Suruli Rajan was a Tamil film comedian/character artiste. He was a recipient of Tamil Nadu State Government's Best Comedian Award for the year 1981–82.

Biography

Suruli Rajan was born in 1938 in Periyakulam, near Theni. His father Ponnaiya Pillai worked as an accountant for farm owners of the adjoining areas in Theni. The child was named after the Surulivelar Swamy, the family deity at the temple atop a hill graced by the picturesque Suruli Falls.

Suruli Rajan lost his parents one after the other, and had to discontinue his schooling. He moved to his brother's house in Madurai and worked as an apprentice mechanic in a neighbourhood workshop. Bitten by the acting bug, he acted in several amateur stage plays in Madurai before moving to Madras in 1959 in search of greener pastures.
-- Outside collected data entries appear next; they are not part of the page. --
lemma pure_decomp_entropy_split:
  assumes "0 < dB" and D: "pure_decomp (dA * dB) \<rho> k p \<psi>"
  obtains k' p' \<psi>' where "pure_decomp dB (ptrace_A dA dB \<rho>) k' p' \<psi>'"
    and "(\<Sum>i<k. p i * vn_entropy (dephase (proj (dA * dB) (\<psi> i))))
      = (\<Sum>i<k. p i * vn_entropy (dephase_A dA dB (proj (dA * dB) (\<psi> i))))
        + (\<Sum>m<k'. p' m * vn_entropy (dephase (proj dB (\<psi>' m))))"
proof
  define w where "w m = block_vec dB (m mod dA) (\<psi> (m div dA))" for m
  show "pure_decomp dB (ptrace_A dA dB \<rho>) (k * dA)
      (\<lambda>m. p (m div dA) * vec_sqnorm dB (w m)) (\<lambda>m. normalize_vec dB (w m))"
    unfolding w_def by (rule pure_decomp_ptrace_A[OF assms])
  have "(\<Sum>m<k * dA. p (m div dA) * vec_sqnorm dB (w m) * vn_entropy (dephase (proj dB (normalize_vec dB (w m)))))
      = (\<Sum>i<k. p i * (\<Sum>a<dA. vec_sqnorm dB (block_vec dB a (\<psi> i))
          * vn_entropy (dephase (proj dB (normalize_vec dB (block_vec dB a (\<psi> i)))))))"
    by (simp add: sum_lessThan_mult_blocks w_def sum_distrib_left mult.assoc)
  then show "(\<Sum>i<k. p i * vn_entropy (dephase (proj (dA * dB) (\<psi> i))))
      = (\<Sum>i<k. p i * vn_entropy (dephase_A dA dB (proj (dA * dB) (\<psi> i))))
        + (\<Sum>m<k * dA. p (m div dA) * vec_sqnorm dB (w m) * vn_entropy (dephase (proj dB (normalize_vec dB (w m)))))"
    by (simp add: vn_entropy_dephase_proj_chain[of dA dB] distrib_left sum.distrib)
qed

theorem lemma3:
  fixes dA dB :: nat and \<rho> :: "complex mat"
  assumes "density_op (dA * dB) \<rho>"
  shows "Cf (dA * dB) \<rho> \<ge> Cf_AB dA dB \<rho> + Cf dB (ptrace_A dA dB \<rho>)"
proof (rule le_Cf)
  show "\<exists>k p \<psi>. pure_decomp (dA * dB) \<rho> k p \<psi>"
    by (rule density_op_pure_decomp_exists[OF assms])
  have "0 < dB" using density_op_dim_pos[OF assms] by simp
  fix k p \<psi> assume D: "pure_decomp (dA * dB) \<rho> k p \<psi>"
  obtain k' p' \<psi>' where D': "pure_decomp dB (ptrace_A dA dB \<rho>) k' p' \<psi>'"
    and split: "(\<Sum>i<k. p i * vn_entropy (dephase (proj (dA * dB) (\<psi> i))))
      = (\<Sum>i<k. p i * vn_entropy (dephase_A dA dB (proj (dA * dB) (\<psi> i))))
        + (\<Sum>m<k'. p' m * vn_entropy (dephase (proj dB (\<psi>' m))))"
    by (rule pure_decomp_entropy_split[OF \<open>0 < dB\<close> D])
  show "Cf_AB dA dB \<rho> + Cf dB (ptrace_A dA dB \<rho>)
      \<le> (\<Sum>i<k. p i * vn_entropy (dephase (proj (dA * dB) (\<psi> i))))"
    unfolding split using Cf_AB_le[OF D] Cf_le[OF D'] by (rule add_mono)
qed
end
In spite of his passion for acting opportunities were few and far between. A sudden spate of opportunities in stage plays filled him with heartening optimism. He worked with various drama troupes, including those of O. A. K. Thevar, Pisir Ramarao, T.N. Balu and in Karunanidhi's 'kagithapoo' staged in aid of the Dravida Munnetra Kazhagam party's election fund. It was filmmaker Joseph Thaliath Jr. of The Citadel Film Corporation Pvt. Ltd who brought Suruli Rajan to cinema, first in a brief appearance in Iravum Pagalum in 1965 and soon after in a more noticeable comic role in Kathal Paduthum Padu the year following.

His friendship with T.N. Balu earned him memorable roles in blockbusters by T.R.Ramanna like Naan and Moondrezhuthu. Despite his young age Suruli Rajan was offered older roles in many of his early movies. Two other significant roles in his early years were the Madras Tamil spewing cameo in APN's Thirumalai Thenkumari (1970) and that of the devout fisherman in Aathi Parasakthi (1971). With his unique intonation and a flair for the absurd, Surulirajan rose to popularity in the late 70s.

Though at times bordering on the bawdy, he seldom failed to elicit a laugh. Suruli's brilliant portrayal of a niggardly rustic in M.A.Khaja's Maanthoppu Kiliye (1979) fetched him rare plaudits and has earned a place of pride in the annals of the immortal comedy sequences of Tamil cinema. 'It never rains, but pours' they say, and Suruli's capers had become a mandatory inclusion in most movies of the time. He created a record by acting in not less than 50 movies in a single year in 1980.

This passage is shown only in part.